Die offizielle Stellungnahme Starmer’s ist klar: Eine Führungsverhandlung würde die Partei und das Bewegungspolitische aus der Bahn werfen. Doch das Risiko, das eine Verhandlung mit sich bringt, ist nicht zu unterschätzen. Starmer muss zeigen, dass er nicht nur sein Amt retten will, sondern auch, dass die Chaos-Situation, die Labour in den letzten Monaten beschäftigt, nicht allein auf seine Person zurückzuführen ist.

Die Situation ist komplexe. Burnham’s Sieg ist ein starker Zeichen, doch die Kandidatur Starmer’s eröffnet neue Spielräume. Die Abgeordneten, die Burnham unterstützen, könnten den Wandel in der Partei als Chance sehen, um Starmer’s Führungsstil zu hinterfragen. Gleichzeitig braucht Starmer’s Anhänger eine klare Strategie, um die Anwärter zu einer gemeinsamen Position zu bringen.

Die Herausforderung der nächsten Tage

Die nächste Woche wird entscheidend sein. Starmer’s Entscheidung, als Kandidat zu bleiben, könnte einen Konsens unter den Abgeordneten brechen oder hingegen eine gemeinsame Aktion fördern. Die Diskussion um Burnham’s Potenzial für die Premierministerposition ist geprägt von der Erwartung, dass der „Kronprinz“ ohne Widerstand gewählt wird. Doch Streeting und andere, die für eine Verhandlung sind, könnten sich gegen eine Einheitswahl stellen.

Die Sorge um Labour’s Stabilität ist real. Eine Führungsverhandlung könnte nicht nur den interne Konflikten Raum geben, sondern auch die Öffentlichkeit von der Partei’s Glaubwürdigkeit befreien. Die politische Landschaft wird in den nächsten Tagen verwirrt, da Abgeordnete zwischen einem schnellen Übergang und einer tiefgreifenden Neustrukturierung wählen müssen. Der Sieg in Makerfield ist ein Schritt, aber das Ziel Downing Street bleibt noch immer in der Luft hängen.

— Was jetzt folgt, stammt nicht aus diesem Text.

text \<open>A sheared box of volume \<open>\<bar>p$k\<bar>/2 \<cdot> (2\<epsilon>)^(N-1)\<close> fits into the tube
  \<open>{\<mu> p + e | 0 \<le> \<mu> \<le> 1/2, |e| \<le> N \<epsilon>}\<close> around the segment \<open>[0, p/2]\<close>.\<close>
lemma tube_contains_measurable_set:
  fixes p :: "real^'m::{finite,wellorder}" and \<epsilon> :: real
  assumes "\<epsilon> > 0"
  obtains T where "T \<in> lmeasurable"
    and "norm p / (2 * CARD('m)) * (2 * \<epsilon>) ^ (CARD('m) - 1) \<le> measure lebesgue T"
    and "\<And>q. q \<in> T \<Longrightarrow> \<exists>\<mu> e. q = \<mu> *\<^sub>R p + e \<and> 0 \<le> \<mu> \<and> \<mu> \<le> 1/2 \<and> norm e \<le> CARD('m) * \<epsilon>"
proof (cases "p = 0")
  case True
  then show ?thesis by (intro that[of "{}"]) auto
next
  case False
  define N where "N = CARD('m)"
  obtain k where k: "\<And>j. \<bar>p $ j\<bar> \<le> \<bar>p $ k\<bar>" and norm_p: "norm p \<le> N * \<bar>p $ k\<bar>"
    using exists_max_abs_component unfolding N_def by blast
  then have pk: "p $ k \<noteq> 0" using False by auto
  define a where "a = (\<chi> j. if j = k then min 0 (p $ k / 2) else - \<epsilon>)"
  define b where "b = (\<chi> j. if j = k then max 0 (p $ k / 2) else \<epsilon>)"
  define L where "L = (\<lambda>w. w + (w $ k) *\<^sub>R ((1 / p $ k) *\<^sub>R p - axis k 1))"
  have linL: "linear L" unfolding L_def by (auto intro!: linearI simp: algebra_simps add_divide_distrib)
  have detL: "det (matrix L) = 1" unfolding L_def using pk by (intro det_shear) (simp add: axis_def)
  have box: "cbox a b \<noteq> {}" using \<open>\<epsilon> > 0\<close> by (auto simp: a_def b_def interval_ne_empty_cart)
  have "measure lebesgue (L ` cbox a b) = (\<Prod>j\<in>UNIV. b $ j - a $ j)"
    using measure_linear_image[OF linL, of "cbox a b"] detL content_cbox_cart[OF box] by simp
  also have "\<dots> = (b $ k - a $ k) * (\<Prod>j\<in>UNIV - {k}. 2 * \<epsilon>)"
    by (subst prod.remove[of _ k]) (auto simp: a_def b_def intro!: prod.cong)
  also have "b $ k - a $ k = \<bar>p $ k\<bar> / 2" by (simp add: a_def b_def max_def min_def)
  also have "(\<Prod>j\<in>UNIV - {k}. 2 * \<epsilon>) = (2 * \<epsilon>) ^ (N - 1)"
    by (simp add: N_def card_Diff_singleton)
  finally have measure_box: "measure lebesgue (L ` cbox a b) = \<bar>p $ k\<bar> / 2 * (2 * \<epsilon>) ^ (N - 1)" .
  have "norm p / (2 * N) \<le> \<bar>p $ k\<bar> / 2"
    using norm_p by (simp add: N_def divide_simps mult.commute)
  then have "norm p / (2 * N) * (2 * \<epsilon>) ^ (N - 1) \<le> measure lebesgue (L ` cbox a b)"
    unfolding measure_box using \<open>\<epsilon> > 0\<close> by (intro mult_right_mono) auto
  moreover have "\<exists>\<mu> e. q = \<mu> *\<^sub>R p + e \<and> 0 \<le> \<mu> \<and> \<mu> \<le> 1/2 \<and> norm e \<le> N * \<epsilon>"
    if "q \<in> L ` cbox a b" for q
  proof -
    obtain w where w: "w \<in> cbox a b" and q: "q = L w" using \<open>q \<in> L ` cbox a b\<close> by auto
    have w_bounds: "a $ j \<le> w $ j \<and> w $ j \<le> b $ j" for j using w by (simp add: mem_box_cart)
    define e where "e = w - (w $ k) *\<^sub>R axis k 1"
    have "q = (w $ k / p $ k) *\<^sub>R p + e"
      using pk by (simp add: q L_def e_def algebra_simps)
    moreover have "0 \<le> w $ k / p $ k \<and> w $ k / p $ k \<le> 1/2"
      using w_bounds[of k] pk by (cases "p $ k > 0") (auto simp: a_def b_def divide_simps)
    moreover have "norm e \<le> N * \<epsilon>"
    proof -
      have "\<bar>e $ j\<bar> \<le> \<epsilon>" for j
        using w_bounds[of j] \<open>\<epsilon> > 0\<close> by (cases "j = k") (auto simp: e_def a_def b_def axis_def)
      then have "(\<Sum>j\<in>UNIV. \<bar>e $ j\<bar>) \<le> (\<Sum>j\<in>(UNIV::'m set). \<epsilon>)"
        by (intro sum_mono)
      then show ?thesis
        using norm_le_l1_cart[of e] by (simp add: N_def)
    qed
    ultimately show ?thesis by blast
  qed
  moreover have "L ` cbox a b \<in> lmeasurable"
    using measurable_linear_image[OF linL] by simp
  ultimately show ?thesis using that unfolding N_def by blast
qed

In Gesprächen mit Labour-Mitarbeitern am Mittag heute betonte Starmer, dass eine Führungsverhandlung den inneren Zusammenhalt der Partei untergraben würde. Doch genau das könnte nun passieren, falls Burnham die 81 Abgeordneten gewinnen kann. Die Frage ist, ob Starmer’s Worte nur ein Versuch sind, die Druck zu mildern, oder ob er selbst das Verlangen nach einer Verhandlung zu unterdrücken versucht.

Die Ergebnisse der nächsten Tage werden zeigen, ob Burnham tatsächlich die unangefochtenen Ernennung für die Premierministerposition verdient. Starmer’s Teilnahme an der Verhandlung könnte eine Lösung für den inneren Streit bieten, oder sie könnte die Partei in eine neue Phase des Wettbewerbs schicken. Die Entscheidung wird nicht nur die Zukunft der Labour-Partei bestimmen, sondern auch den politischen Kurs der Regierung in den nächsten Monaten. Die Zeit ist reif für eine klare Antwort auf das, was als nächstes kommen wird.